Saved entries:
========

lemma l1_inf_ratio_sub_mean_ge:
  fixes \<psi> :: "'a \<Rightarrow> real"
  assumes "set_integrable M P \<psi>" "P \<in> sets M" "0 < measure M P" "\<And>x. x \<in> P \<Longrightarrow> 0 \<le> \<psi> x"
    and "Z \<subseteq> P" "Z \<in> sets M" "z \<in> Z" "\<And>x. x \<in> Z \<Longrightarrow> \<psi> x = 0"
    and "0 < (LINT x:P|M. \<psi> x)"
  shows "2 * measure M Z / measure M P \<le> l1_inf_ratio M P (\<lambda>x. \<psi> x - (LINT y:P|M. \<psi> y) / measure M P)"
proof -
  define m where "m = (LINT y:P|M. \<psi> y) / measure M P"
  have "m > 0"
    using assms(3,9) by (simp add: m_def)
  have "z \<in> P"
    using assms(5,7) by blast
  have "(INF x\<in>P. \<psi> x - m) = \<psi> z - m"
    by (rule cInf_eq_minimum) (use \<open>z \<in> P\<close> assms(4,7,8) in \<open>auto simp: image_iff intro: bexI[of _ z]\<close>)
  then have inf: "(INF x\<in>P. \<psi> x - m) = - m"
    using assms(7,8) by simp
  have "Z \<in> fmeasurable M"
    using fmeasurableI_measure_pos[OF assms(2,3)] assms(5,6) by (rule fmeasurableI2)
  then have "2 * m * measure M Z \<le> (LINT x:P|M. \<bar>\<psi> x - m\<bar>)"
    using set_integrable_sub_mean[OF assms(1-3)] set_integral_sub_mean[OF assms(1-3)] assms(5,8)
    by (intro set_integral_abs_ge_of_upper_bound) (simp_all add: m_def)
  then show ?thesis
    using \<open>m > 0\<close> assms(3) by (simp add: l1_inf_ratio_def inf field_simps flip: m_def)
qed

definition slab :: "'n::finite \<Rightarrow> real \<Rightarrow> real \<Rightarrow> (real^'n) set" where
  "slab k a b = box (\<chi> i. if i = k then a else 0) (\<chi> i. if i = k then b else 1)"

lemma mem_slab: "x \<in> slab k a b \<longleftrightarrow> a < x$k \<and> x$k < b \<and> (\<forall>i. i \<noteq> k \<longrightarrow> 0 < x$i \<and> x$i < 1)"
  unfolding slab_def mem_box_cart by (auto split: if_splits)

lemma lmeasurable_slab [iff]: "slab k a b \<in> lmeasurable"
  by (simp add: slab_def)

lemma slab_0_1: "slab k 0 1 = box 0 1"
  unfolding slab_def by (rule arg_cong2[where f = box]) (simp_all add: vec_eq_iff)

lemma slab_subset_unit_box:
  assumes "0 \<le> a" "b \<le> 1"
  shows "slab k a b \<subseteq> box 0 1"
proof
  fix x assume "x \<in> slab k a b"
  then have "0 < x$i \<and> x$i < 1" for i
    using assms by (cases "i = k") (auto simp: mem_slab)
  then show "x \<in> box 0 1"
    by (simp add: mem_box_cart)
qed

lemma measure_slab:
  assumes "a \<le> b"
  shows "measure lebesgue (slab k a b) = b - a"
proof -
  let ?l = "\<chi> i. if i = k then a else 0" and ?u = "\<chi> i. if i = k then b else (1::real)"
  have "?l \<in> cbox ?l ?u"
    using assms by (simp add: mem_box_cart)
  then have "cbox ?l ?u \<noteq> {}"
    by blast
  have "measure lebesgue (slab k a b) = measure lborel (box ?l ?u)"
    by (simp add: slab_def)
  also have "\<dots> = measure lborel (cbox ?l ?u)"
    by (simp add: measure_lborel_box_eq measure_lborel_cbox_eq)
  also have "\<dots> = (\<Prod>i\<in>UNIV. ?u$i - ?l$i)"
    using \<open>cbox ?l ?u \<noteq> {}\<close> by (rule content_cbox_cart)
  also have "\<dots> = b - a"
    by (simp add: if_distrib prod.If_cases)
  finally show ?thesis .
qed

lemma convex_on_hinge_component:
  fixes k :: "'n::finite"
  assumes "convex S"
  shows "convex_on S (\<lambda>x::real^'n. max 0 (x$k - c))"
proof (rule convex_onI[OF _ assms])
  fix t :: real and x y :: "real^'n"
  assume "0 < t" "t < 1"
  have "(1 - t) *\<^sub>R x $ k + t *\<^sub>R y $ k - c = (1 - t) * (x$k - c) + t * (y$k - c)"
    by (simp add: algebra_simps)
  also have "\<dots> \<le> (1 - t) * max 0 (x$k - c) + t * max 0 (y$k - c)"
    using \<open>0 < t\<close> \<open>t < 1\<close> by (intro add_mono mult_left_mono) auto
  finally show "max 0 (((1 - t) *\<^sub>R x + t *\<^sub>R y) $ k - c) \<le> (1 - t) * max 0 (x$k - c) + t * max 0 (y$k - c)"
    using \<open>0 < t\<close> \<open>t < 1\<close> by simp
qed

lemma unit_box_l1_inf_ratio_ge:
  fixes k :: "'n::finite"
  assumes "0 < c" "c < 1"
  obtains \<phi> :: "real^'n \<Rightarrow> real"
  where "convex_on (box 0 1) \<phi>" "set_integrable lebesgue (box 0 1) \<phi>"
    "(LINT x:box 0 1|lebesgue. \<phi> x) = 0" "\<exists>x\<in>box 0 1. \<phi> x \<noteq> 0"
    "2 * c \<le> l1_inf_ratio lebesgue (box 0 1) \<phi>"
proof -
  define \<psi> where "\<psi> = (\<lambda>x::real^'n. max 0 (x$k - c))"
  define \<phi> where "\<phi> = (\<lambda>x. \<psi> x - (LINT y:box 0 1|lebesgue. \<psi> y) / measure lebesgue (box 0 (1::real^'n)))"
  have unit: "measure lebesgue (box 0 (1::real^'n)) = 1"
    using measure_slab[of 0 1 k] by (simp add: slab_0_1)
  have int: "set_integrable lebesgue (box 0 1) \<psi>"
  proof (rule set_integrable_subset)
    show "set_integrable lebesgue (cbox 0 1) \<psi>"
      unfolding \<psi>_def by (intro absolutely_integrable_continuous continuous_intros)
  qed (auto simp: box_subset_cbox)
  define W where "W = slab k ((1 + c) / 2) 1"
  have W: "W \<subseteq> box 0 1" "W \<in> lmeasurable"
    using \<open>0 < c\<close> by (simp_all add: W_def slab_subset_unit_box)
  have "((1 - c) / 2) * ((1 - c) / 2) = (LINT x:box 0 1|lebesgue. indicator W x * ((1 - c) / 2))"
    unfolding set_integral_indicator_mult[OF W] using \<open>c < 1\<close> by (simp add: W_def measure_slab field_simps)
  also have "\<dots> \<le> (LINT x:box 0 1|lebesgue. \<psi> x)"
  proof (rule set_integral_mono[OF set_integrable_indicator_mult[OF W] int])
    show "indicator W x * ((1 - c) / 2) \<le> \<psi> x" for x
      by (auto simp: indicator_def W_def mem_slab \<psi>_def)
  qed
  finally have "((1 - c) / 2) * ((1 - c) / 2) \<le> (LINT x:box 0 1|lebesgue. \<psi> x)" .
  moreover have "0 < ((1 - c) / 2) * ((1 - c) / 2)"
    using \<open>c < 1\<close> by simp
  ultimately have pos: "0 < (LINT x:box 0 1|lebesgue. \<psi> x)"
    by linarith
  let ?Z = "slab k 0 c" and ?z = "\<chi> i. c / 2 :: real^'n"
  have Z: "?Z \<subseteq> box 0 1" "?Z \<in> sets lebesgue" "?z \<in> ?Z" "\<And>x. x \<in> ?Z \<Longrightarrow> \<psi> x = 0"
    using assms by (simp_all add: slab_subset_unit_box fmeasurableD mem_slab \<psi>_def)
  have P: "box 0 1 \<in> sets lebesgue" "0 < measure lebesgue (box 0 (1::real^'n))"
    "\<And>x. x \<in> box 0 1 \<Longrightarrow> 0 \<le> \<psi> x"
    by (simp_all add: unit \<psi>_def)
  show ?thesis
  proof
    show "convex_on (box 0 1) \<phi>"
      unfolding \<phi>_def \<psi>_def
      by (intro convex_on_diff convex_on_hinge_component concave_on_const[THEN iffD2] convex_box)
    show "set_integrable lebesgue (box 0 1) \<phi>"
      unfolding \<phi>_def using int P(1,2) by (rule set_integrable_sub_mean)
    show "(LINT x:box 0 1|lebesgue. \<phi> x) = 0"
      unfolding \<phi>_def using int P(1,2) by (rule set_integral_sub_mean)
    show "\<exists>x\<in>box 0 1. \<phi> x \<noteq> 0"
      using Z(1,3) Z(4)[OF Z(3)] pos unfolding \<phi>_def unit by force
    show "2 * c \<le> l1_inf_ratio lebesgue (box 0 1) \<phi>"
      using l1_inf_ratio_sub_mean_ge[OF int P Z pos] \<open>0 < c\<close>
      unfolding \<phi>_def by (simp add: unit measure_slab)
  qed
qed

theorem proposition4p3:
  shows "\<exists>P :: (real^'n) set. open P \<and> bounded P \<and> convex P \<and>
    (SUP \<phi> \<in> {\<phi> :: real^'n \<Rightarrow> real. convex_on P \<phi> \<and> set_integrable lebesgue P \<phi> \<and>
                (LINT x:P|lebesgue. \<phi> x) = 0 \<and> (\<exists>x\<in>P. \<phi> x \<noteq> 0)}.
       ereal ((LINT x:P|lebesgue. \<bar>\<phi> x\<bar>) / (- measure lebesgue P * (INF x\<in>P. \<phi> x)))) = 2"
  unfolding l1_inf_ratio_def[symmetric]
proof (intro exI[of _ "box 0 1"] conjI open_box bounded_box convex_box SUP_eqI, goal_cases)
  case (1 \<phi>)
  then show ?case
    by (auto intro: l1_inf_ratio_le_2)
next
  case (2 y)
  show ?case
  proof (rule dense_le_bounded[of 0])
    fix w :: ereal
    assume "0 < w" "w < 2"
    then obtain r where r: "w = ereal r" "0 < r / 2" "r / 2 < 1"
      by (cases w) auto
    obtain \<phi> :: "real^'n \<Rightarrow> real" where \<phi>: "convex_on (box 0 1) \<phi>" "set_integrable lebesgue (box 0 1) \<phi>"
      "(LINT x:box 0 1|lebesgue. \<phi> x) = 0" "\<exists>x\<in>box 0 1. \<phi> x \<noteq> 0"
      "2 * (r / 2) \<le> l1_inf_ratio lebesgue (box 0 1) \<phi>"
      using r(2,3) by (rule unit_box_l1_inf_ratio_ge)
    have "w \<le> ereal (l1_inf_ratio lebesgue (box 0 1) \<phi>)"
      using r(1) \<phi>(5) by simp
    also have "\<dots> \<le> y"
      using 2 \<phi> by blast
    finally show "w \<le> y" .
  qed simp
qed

========

### [EXERCISE REQUIREMENTS]
Give the count of lines in the records above that hold the string "assumes", and only that count.

### [RESPONSE TO THIS TASK]
5